Angela Brown said an acquaintance apparently reported her to family services after taking her 15-year-old son, Trey, to Boulder, Colorado, in the spring to buy medical marijuana oil, reported KARE-TV.

“Everything was great until I opened my mouth to the wrong person and I got turned in, and family services questioned my son at school, the cops came to my workplace,” Brown said.

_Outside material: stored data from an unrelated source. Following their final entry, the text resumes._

(* Under the model and assumptions (A1)–(A2) (with $\theta^\ast\in\Theta$ almost surely), define the confidence set $$\Theta_{1-\alpha}=\Big\{\theta\in\Theta:\ \max_{\psi\in\Psi}\mathrm{pval}(\theta,\psi)>\alpha\Big\}.$$ Then $\Pr(\theta^\ast\in\Theta_{1-\alpha})\ge 1-\alpha$ for every $\alpha\in(0,1)$.
   Context: Data $y_i=y^{\mathrm{p}}(t_i)+\varepsilon(t_i)$, $i=1,\dots,n$, with times $T^{(n)}$, data vector $Y^{(n)}$, error vector $\varepsilon^{(n)}$. (A1): $g\,\varepsilon^{(n)}\overset{d}{=}\varepsilon^{(n)}$ given $T^{(n)}$ for all $g\in\mathbb{D}^n$, the group of $n\times n$ diagonal $\pm1$ matrices. (A2): $y^{\mathrm{p}}(t)=y^{\mathrm{p}}(t;\theta^\ast,\psi^\ast)$ where $y^{\mathrm{p}}(t;\theta,\psi)=\psi_1+\psi_2\cos(2\pi t/\theta)+\psi_3\sin(2\pi t/\theta)$, $\theta^\ast\in\Theta$ (a finite subset of $\mathbb{R}^+$), $\psi^\ast\in\Psi\subseteq\mathbb{R}^3$ convex and compact. For $(\theta_0,\psi_0)\in\Theta\times\Psi$: loss $L(\theta,\psi)=\sum_i[y_i-y^{\mathrm{p}}(t_i;\theta,\psi)]^2/\sigma_i^2$ (known $\sigma_i^2>0$), $L_{0n}=\sum_i(y_i-\bar y)^2/\sigma_i^2$, $A_n(\theta\mid Y^{(n)},T^{(n)},\psi)=(L_{0n}-L(\theta,\psi))/L_{0n}$; statistic $s_n(Y^{(n)},T^{(n)})=\max_{\theta\in\Theta}A_n(\theta\mid Y^{(n)},T^{(n)},\psi_0)-A_n(\theta_0\mid Y^{(n)},T^{(n)},\psi_0)$, $s_{\mathrm{obs}}$ its observed value; $Y^{(n),\mathrm{p}}_0=(y^{\mathrm{p}}(t_i;\theta_0,\psi_0))_i$; for $G\sim\mathrm{Unif}(\mathbb{D}^n)$, $Y^{(n),G}=Y^{(n),\mathrm{p}}_0+G(Y^{(n)}-Y^{(n),\mathrm{p}}_0)$; $\mathrm{pval}(\theta_0,\psi_0)=\Pr_G\{s_n(Y^{(n),G},T^{(n)})\ge s_{\mathrm{obs}}\mid Y^{(n)},T^{(n)}\}$. *)

theory Defs
  imports "HOL-Probability.Probability"
begin

definition yp :: "real \<Rightarrow> real^3 \<Rightarrow> real \<Rightarrow> real" where
  "yp \<theta> \<psi> t = \<psi>$1 + \<psi>$2 * cos (2 * pi * t / \<theta>) + \<psi>$3 * sin (2 * pi * t / \<theta>)"

definition lossL :: "('n::finite \<Rightarrow> real) \<Rightarrow> ('n \<Rightarrow> real) \<Rightarrow> ('n \<Rightarrow> real) \<Rightarrow> real \<Rightarrow> real^3 \<Rightarrow> real" where
  "lossL sigma2 Y T \<theta> \<psi> = (\<Sum>i\<in>UNIV. (Y i - yp \<theta> \<psi> (T i))^2 / sigma2 i)"

definition ybar :: "('n::finite \<Rightarrow> real) \<Rightarrow> real" where
  "ybar Y = (\<Sum>i\<in>UNIV. Y i) / real CARD('n)"

definition L0 :: "('n::finite \<Rightarrow> real) \<Rightarrow> ('n \<Rightarrow> real) \<Rightarrow> real" where
  "L0 sigma2 Y = (\<Sum>i\<in>UNIV. (Y i - ybar Y)^2 / sigma2 i)"

definition An :: "('n::finite \<Rightarrow> real) \<Rightarrow> ('n \<Rightarrow> real) \<Rightarrow> ('n \<Rightarrow> real) \<Rightarrow> real \<Rightarrow> real^3 \<Rightarrow> real" where
  "An sigma2 Y T \<theta> \<psi> = (L0 sigma2 Y - lossL sigma2 Y T \<theta> \<psi>) / L0 sigma2 Y"

definition stat :: "real set \<Rightarrow> ('n::finite \<Rightarrow> real) \<Rightarrow> real \<Rightarrow> real^3 \<Rightarrow> ('n \<Rightarrow> real) \<Rightarrow> ('n \<Rightarrow> real) \<Rightarrow> real" where
  "stat \<Theta> sigma2 \<theta>0 \<psi>0 Y T =
     Max ((\<lambda>\<theta>. An sigma2 Y T \<theta> \<psi>0) ` \<Theta>) - An sigma2 Y T \<theta>0 \<psi>0"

Trey was struck in the temple by a line drive while pitching in a baseball game three years ago, and his mother said the teen has harmed himself and contemplated suicide due to severe pain.

An emergency room physician recommended the family trying medical marijuana, and Brown said the drug worked exactly as she had hoped.

“Trey would describe it as reducing the pressure in his head,” she said. “He didn’t have the pressure anymore and his muscles would calm down.”

Family services eventually dropped the case after talking to Brown and her husband, but the Lac Qui Parle County attorney decided to criminally charge her.

“I guess their definition of a good mom would have been a mom who sat back, let the doctors do whatever, and possibly let their child die,” Brown said. “I guess a bad a mom chooses to go find answers for her child and chooses to treat her child and takes his pain away, so if they want to call me a bad mom, then fine.”

Medical marijuana will be legal in Minnesota starting next July, and pro-pot advocates say they were “stunned” by the child endangerment charges filed against Brown.

“I can’t think of an instance where an individual has been brought up on charges like this simply because the effective date hasn’t come around yet for the law that has already been passed,” said Bob Capecchi, of the Marijuana Policy Project. “Let’s not forget — there is a medical marijuana law that has been endorsed by the legislature and by the governor.”

Capecchi said prosecutors have discretion over bringing charges in individual cases, and he said Brown’s case seems “tailor-made” to have the charges dropped.

The family has asked Gov. Mark Dayton for help, but they have not heard from him, and Brown said she and her family may move to Colorado after her court appearance in late September.